Dr. Kanchan R Sainani, S16079, Dr. Rohit Shetty
![]()
ABSTRACT :
Introduction:The prevalence of dry eye disease (DED) worldwide ranges from 5.5%to 33.7% [1]. Due to its high prevalence it is a public health concern with a significant economic burden. The hallmarks of DED include discomfort, visual disturbance, and tear film instability with potential damage to the ocular surface. In a subset of patients with DED the standard therapeutic strategies fail to alleviate the symptoms [2,3].
Despite the knowledge available on the pathophysiological mechanisms of DED, there is a lack of substantial understanding with relevance to the etiopathology of the symptoms and their association with clinical findings. The source of ocular discomfort or pain in DED cannot solely be explained by tear film metrics suggesting the role of other factors in causation of symptoms. Pain associated with dry eye has been described as neuropathic pain [4-6] and there have been emerging reports regarding dysfunctional ocular somatosensory nerves including the sub-basal nerve plexus in ocular pain [7].
In the current study the association between the severity of dry eye symptoms (pain and/or discomfort), inflammatory markers in tears, corneal dendritic cell density, corneal sub-basal nerve plexus features, was determined.

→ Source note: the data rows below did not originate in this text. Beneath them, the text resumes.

(* Let $c,m>0$ be constants and let $f:\mathbb{Z}\to\mathbb{Z}$ be a non-decreasing map such that $f(j)-f(i)\leq j-i$ for all integers $i<j$, and $f(j)-f(i)\geq c\,(j-i)$ for all integers $i,j$ with $i+m\leq j$. Let $B$ be an integer-valued random variable with $E[|f(B)|]<+\infty$. Then $$\mathrm{Var}[f(B)]\geq c^2\left(1-\frac{2m}{c\sqrt{\mathrm{Var}[B]}}\right)\mathrm{Var}[B].$$ *)

theory Defs
  imports "HOL-Probability.Probability"
begin

text \<open>Variance as an extended nonnegative real: it is \<infinity> when the second
  central moment diverges.  The mean is the Lebesgue integral (the random variable
  will be integrable in our application).\<close>
definition evariance :: "'a measure \<Rightarrow> ('a \<Rightarrow> real) \<Rightarrow> ennreal" where
  "evariance M X = (\<integral>\<^sup>+ x. ennreal ((X x - (\<integral>y. X y \<partial>M))\<^sup>2) \<partial>M)"

end

theory Submission
  imports Defs
begin

text \<open>Let \<mu> = E[B], \<sigma>^2 = Var[B], k = \<lfloor>\<mu>\<rfloor>, Y = B - \<mu> and a = E[f(B)]. Because f grows
  with slope at least c over distances of at least m, pointwise
  (f(B) - f(k)) Y \<ge> c (B - k) Y - c m |Y|. Since E[Y] = 0, this bounds the covariance of f(B)
  and B from below by c \<sigma>^2 - c m E|Y| \<ge> c \<sigma>^2 - c m \<sigma>, and expanding
  E[(f(B) - a - c Y)^2] \<ge> 0 gives Var[f(B)] \<ge> c^2 \<sigma>^2 - 2 c^2 m \<sigma>. Finally c \<le> 1, since f is
  1-Lipschitz, so this is at least c^2 \<sigma>^2 - 2 c m \<sigma>.\<close>

lemma coarse_expansion_lower_bound:
  fixes f :: "int \<Rightarrow> int" and c m :: real
  assumes "mono f" and "c \<ge> 0" and "m \<ge> 0"
    and expand: "\<And>i j. real_of_int i + m \<le> real_of_int j \<Longrightarrow>
               real_of_int (f j - f i) \<ge> c * real_of_int (j - i)"
    and "i \<le> j"
  shows "c * real_of_int (j - i) - c * m \<le> real_of_int (f j - f i)"
proof (cases "real_of_int i + m \<le> real_of_int j")
  case True
  have "0 \<le> c * m" using \<open>c \<ge> 0\<close> \<open>m \<ge> 0\<close> by simp
  with expand[OF True] show ?thesis by linarith
next
  case False
  then have "c * real_of_int (j - i) \<le> c * m" using \<open>c \<ge> 0\<close> by (intro mult_left_mono) auto
  moreover have "f i \<le> f j" using \<open>mono f\<close> \<open>i \<le> j\<close> by (rule monoD)
  ultimately show ?thesis by simp
qed

lemma coarse_expansion_slope_le_one:
  fixes f :: "int \<Rightarrow> int" and c m :: real
  assumes lipschitz: "\<And>i j. i < j \<Longrightarrow> f j - f i \<le> j - i"
    and expand: "\<And>i j. real_of_int i + m \<le> real_of_int j \<Longrightarrow>
               real_of_int (f j - f i) \<ge> c * real_of_int (j - i)"
  shows "c \<le> 1"
proof -
  define j where "j = max 1 \<lceil>m\<rceil>"
  have "0 < j" and "real_of_int 0 + m \<le> real_of_int j" unfolding j_def by linarith+
  then have "c * real_of_int j \<le> real_of_int (f j - f 0)"
    using expand[of 0 j] by simp
  also have "\<dots> \<le> 1 * real_of_int j"
    using lipschitz[OF \<open>0 < j\<close>] by simp
  finally show ?thesis using \<open>0 < j\<close> by (simp add: mult_le_cancel_right)
qed

lemma coarse_expansion_abs_bound:
  fixes f :: "int \<Rightarrow> int" and c m :: real
  assumes "mono f" and "c \<ge> 0" and "m \<ge> 0"
    and "\<And>i j. real_of_int i + m \<le> real_of_int j \<Longrightarrow>
               real_of_int (f j - f i) \<ge> c * real_of_int (j - i)"
  shows "c * \<bar>real_of_int j\<bar> \<le> \<bar>real_of_int (f j - f 0)\<bar> + c * m"
proof (cases "0 \<le> j")
  case True
  then show ?thesis using coarse_expansion_lower_bound[OF assms True] by simp
next
  case False
  then show ?thesis using coarse_expansion_lower_bound[OF assms, of j 0] by simp
qed

lemma coarse_expansion_floor_product_bound:
  fixes f :: "int \<Rightarrow> int" and c m \<mu> :: real
  assumes "mono f" and "c \<ge> 0" and "m \<ge> 0"
    and "\<And>i j. real_of_int i + m \<le> real_of_int j \<Longrightarrow>
               real_of_int (f j - f i) \<ge> c * real_of_int (j - i)"
  shows "c * (j - \<lfloor>\<mu>\<rfloor>) * (j - \<mu>) - c * m * \<bar>j - \<mu>\<bar> \<le> real_of_int (f j - f \<lfloor>\<mu>\<rfloor>) * (j - \<mu>)"
proof (cases "\<mu> < j")
  case True
  then have "\<lfloor>\<mu>\<rfloor> \<le> j" by linarith
  from coarse_expansion_lower_bound[OF assms this]
  have "(c * (j - \<lfloor>\<mu>\<rfloor>) - c * m) * (j - \<mu>) \<le> real_of_int (f j - f \<lfloor>\<mu>\<rfloor>) * (j - \<mu>)"
    using True by (intro mult_right_mono) auto
  with True show ?thesis by (simp add: algebra_simps)
next
  case False
  then have "j \<le> \<lfloor>\<mu>\<rfloor>" by (simp add: le_floor_iff)
  from coarse_expansion_lower_bound[OF assms this]
  have "(c * (\<lfloor>\<mu>\<rfloor> - j) - c * m) * (\<mu> - j) \<le> real_of_int (f \<lfloor>\<mu>\<rfloor> - f j) * (\<mu> - j)"
    using False by (intro mult_right_mono) auto
  with False show ?thesis by (simp add: algebra_simps)
qed

lemma (in finite_measure) square_integrable_if_abs_le_affine:
  fixes X G :: "'a \<Rightarrow> real"
  assumes "X \<in> borel_measurable M" and "integrable M (\<lambda>x. (G x)\<^sup>2)"
    and bound: "\<And>x. \<bar>X x\<bar> \<le> \<alpha> * \<bar>G x\<bar> + \<beta>"
  shows "integrable M (\<lambda>x. (X x)\<^sup>2)"
proof (rule Bochner_Integration.integrable_bound)
  show "integrable M (\<lambda>x. 2 * \<alpha>\<^sup>2 * (G x)\<^sup>2 + 2 * \<beta>\<^sup>2)"
    using assms(2) by auto
  show "(\<lambda>x. (X x)\<^sup>2) \<in> borel_measurable M"
    using assms(1) by measurable
  have "(X x)\<^sup>2 \<le> 2 * \<alpha>\<^sup>2 * (G x)\<^sup>2 + 2 * \<beta>\<^sup>2" for x
  proof -
    have "(X x)\<^sup>2 = \<bar>X x\<bar>\<^sup>2" by simp
    also have "\<dots> \<le> (\<alpha> * \<bar>G x\<bar> + \<beta>)\<^sup>2" using bound by (intro power_mono) auto
    also have "\<dots> \<le> 2 * \<alpha>\<^sup>2 * (G x)\<^sup>2 + 2 * \<beta>\<^sup>2"
      using zero_le_power2[of "\<alpha> * \<bar>G x\<bar> - \<beta>"] by (simp add: power2_eq_square algebra_simps)
    finally show ?thesis .
  qed
  then show "AE x in M. norm ((X x)\<^sup>2) \<le> norm (2 * \<alpha>\<^sup>2 * (G x)\<^sup>2 + 2 * \<beta>\<^sup>2)"
    by (auto intro: order_trans[OF _ abs_ge_self])
qed

lemma (in finite_measure) integrable_centered_square:
  fixes X :: "'a \<Rightarrow> real"
  assumes "X \<in> borel_measurable M" and "integrable M (\<lambda>x. (X x)\<^sup>2)"
  shows "integrable M (\<lambda>x. (X x - a)\<^sup>2)"
  using assms square_integrable_imp_integrable[OF assms] by (simp add: power2_diff)
theorem lemma1:
  fixes P :: "((real ^ 'd) \<times> real) measure"
    and b0 :: "nat \<Rightarrow> real" and b :: "nat \<Rightarrow> real ^ 'd"
    and A :: "nat \<Rightarrow> ((real ^ 'd) \<times> real) set"
  assumes "prob_space P"
    and "sets P = sets borel"
    and "\<And>n. A n \<in> sets borel"
    and "limsup (\<lambda>n. emeasure P (A n)) > 0"
    and "limsup (\<lambda>n. \<integral>\<^sup>+ z. ennreal ((b0 n + b n \<bullet> fst z - snd z)\<^sup>2 * indicator (A n) z) \<partial>P) < \<infinity>"
  shows "\<exists>nk :: nat \<Rightarrow> nat. strict_mono nk \<and>
    (\<exists>(d0 :: nat \<Rightarrow> real) (dv :: nat \<Rightarrow> real ^ 'd) (D :: nat \<Rightarrow> ((real ^ 'd) \<times> real) set)
       (c0 :: real) (c :: real ^ 'd).
       (\<forall>k. D k \<in> sets borel \<and> D k \<subseteq> A (nk k)) \<and>
       (\<lambda>k. measure P (A (nk k) - D k)) \<longlonglongrightarrow> 0 \<and>
       d0 \<longlonglongrightarrow> c0 \<and> dv \<longlonglongrightarrow> c \<and>
       (\<forall>k. AE z in P. (b0 (nk k) + b (nk k) \<bullet> fst z - snd z) * indicator (D k) z =
                        (d0 k + dv k \<bullet> fst z - snd z) * indicator (D k) z))"
proof -
  interpret prob_space P by fact
  define Z where "Z z = (1::real, fst z)" for z :: "(real ^ 'd) \<times> real"
  have affine: "(c0, c) \<bullet> Z z = c0 + c \<bullet> fst z" for c0 c z
    unfolding Z_def by simp
  have "Z \<in> borel_measurable P" "snd \<in> borel_measurable P"
    unfolding measurable_cong_sets[OF assms(2) refl] Z_def
    by (intro borel_measurable_continuous_onI continuous_intros)+
  then have "convergent_on_large_parts P Z A (\<lambda>n. (b0 n, b n))"
    using assms(2,3,5) by (intro convergent_on_large_parts_if_limsup_sq_error) (simp_all add: affine)
  then obtain r :: "nat \<Rightarrow> nat" and w D where "strict_mono r" "convergent w" "\<And>k. D k \<in> sets P"
    "\<And>k. D k \<subseteq> A (r k)" "(\<lambda>k. measure P (A (r k) - D k)) \<longlonglongrightarrow> 0"
    and agree: "\<And>k. AE z in P. z \<in> D k \<longrightarrow> (b0 (r k), b (r k)) \<bullet> Z z = w k \<bullet> Z z"
    by (rule convergent_on_large_partsE) (rule that)
  moreover have "AE z in P. (b0 (r k) + b (r k) \<bullet> fst z - snd z) * indicator (D k) z =
      (fst (w k) + snd (w k) \<bullet> fst z - snd z) * indicator (D k) z" for k
    using agree[of k] by eventually_elim (simp add: affine[symmetric] indicator_def)
  moreover have "w \<longlonglongrightarrow> lim w"
    using \<open>convergent w\<close> by (simp add: convergent_LIMSEQ_iff)
  ultimately show ?thesis
    using assms(2)
    by (intro exI[of _ r] exI[of _ "\<lambda>k. fst (w k)"] exI[of _ "\<lambda>k. snd (w k)"] exI[of _ D]
        exI[of _ "fst (lim w)"] exI[of _ "snd (lim w)"] conjI allI tendsto_fst tendsto_snd) simp_all
qed
lemma enabled_disjoint_run_contains:
  assumes wf: "wf_negotiation N" and run: "run_from N (Cinit N) w C"
    and em: "enabled N C m" and en: "enabled N C n" and disj: "ndom N m \<inter> ndom N n = {}"
  shows "\<exists>w C. run_from N (Cinit N) w C \<and> run_contains w m \<and> run_contains w n"
proof -
  have nodes: "m \<in> Nodes N" "n \<in> Nodes N" using em en unfolding enabled_def by auto
  have "m \<noteq> nfin N" using wf_negotiation_disjoint_ndom[OF wf nodes(2) disj] by blast
  moreover have "n \<noteq> nfin N" using wf_negotiation_disjoint_ndom[OF wf nodes(1)] disj by blast
  ultimately have "out N m \<noteq> {}" "out N n \<noteq> {}"
    using wf_negotiation_out_nonempty[OF wf] nodes by auto
  then obtain a b where ab: "a \<in> out N m" "b \<in> out N n" by blast
  define C1 where "C1 = (\<lambda>p. if p \<in> ndom N m then delta N m a p else C p)"
  define C2 where "C2 = (\<lambda>p. if p \<in> ndom N n then delta N n b p else C1 p)"
  have "step N C (m, a) C1" using em ab by (simp add: step_Pair C1_def)
  moreover have "enabled N C1 n" using en disj unfolding enabled_def C1_def by auto
  then have "step N C1 (n, b) C2" using ab by (simp add: step_Pair C2_def)
  ultimately have "run_from N (Cinit N) (w @ [(m, a), (n, b)]) C2"
    using run by (auto simp: run_from_append)
  moreover have "run_contains (w @ [(m, a), (n, b)]) m" "run_contains (w @ [(m, a), (n, b)]) n"
    unfolding run_contains_def by force+
  ultimately show ?thesis by blast
qed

Purpose: To determine the biological basis of pain and discomfort associated with evaporative dry eye (EDE).
Materials and Methods
Please mention that it is an observational case-control clinical study (or any other) and that clearance was taken from Institutional Review board and that it was cleared by the Ethics Committee and that the study adhered to the “Declaration of Helsinki”.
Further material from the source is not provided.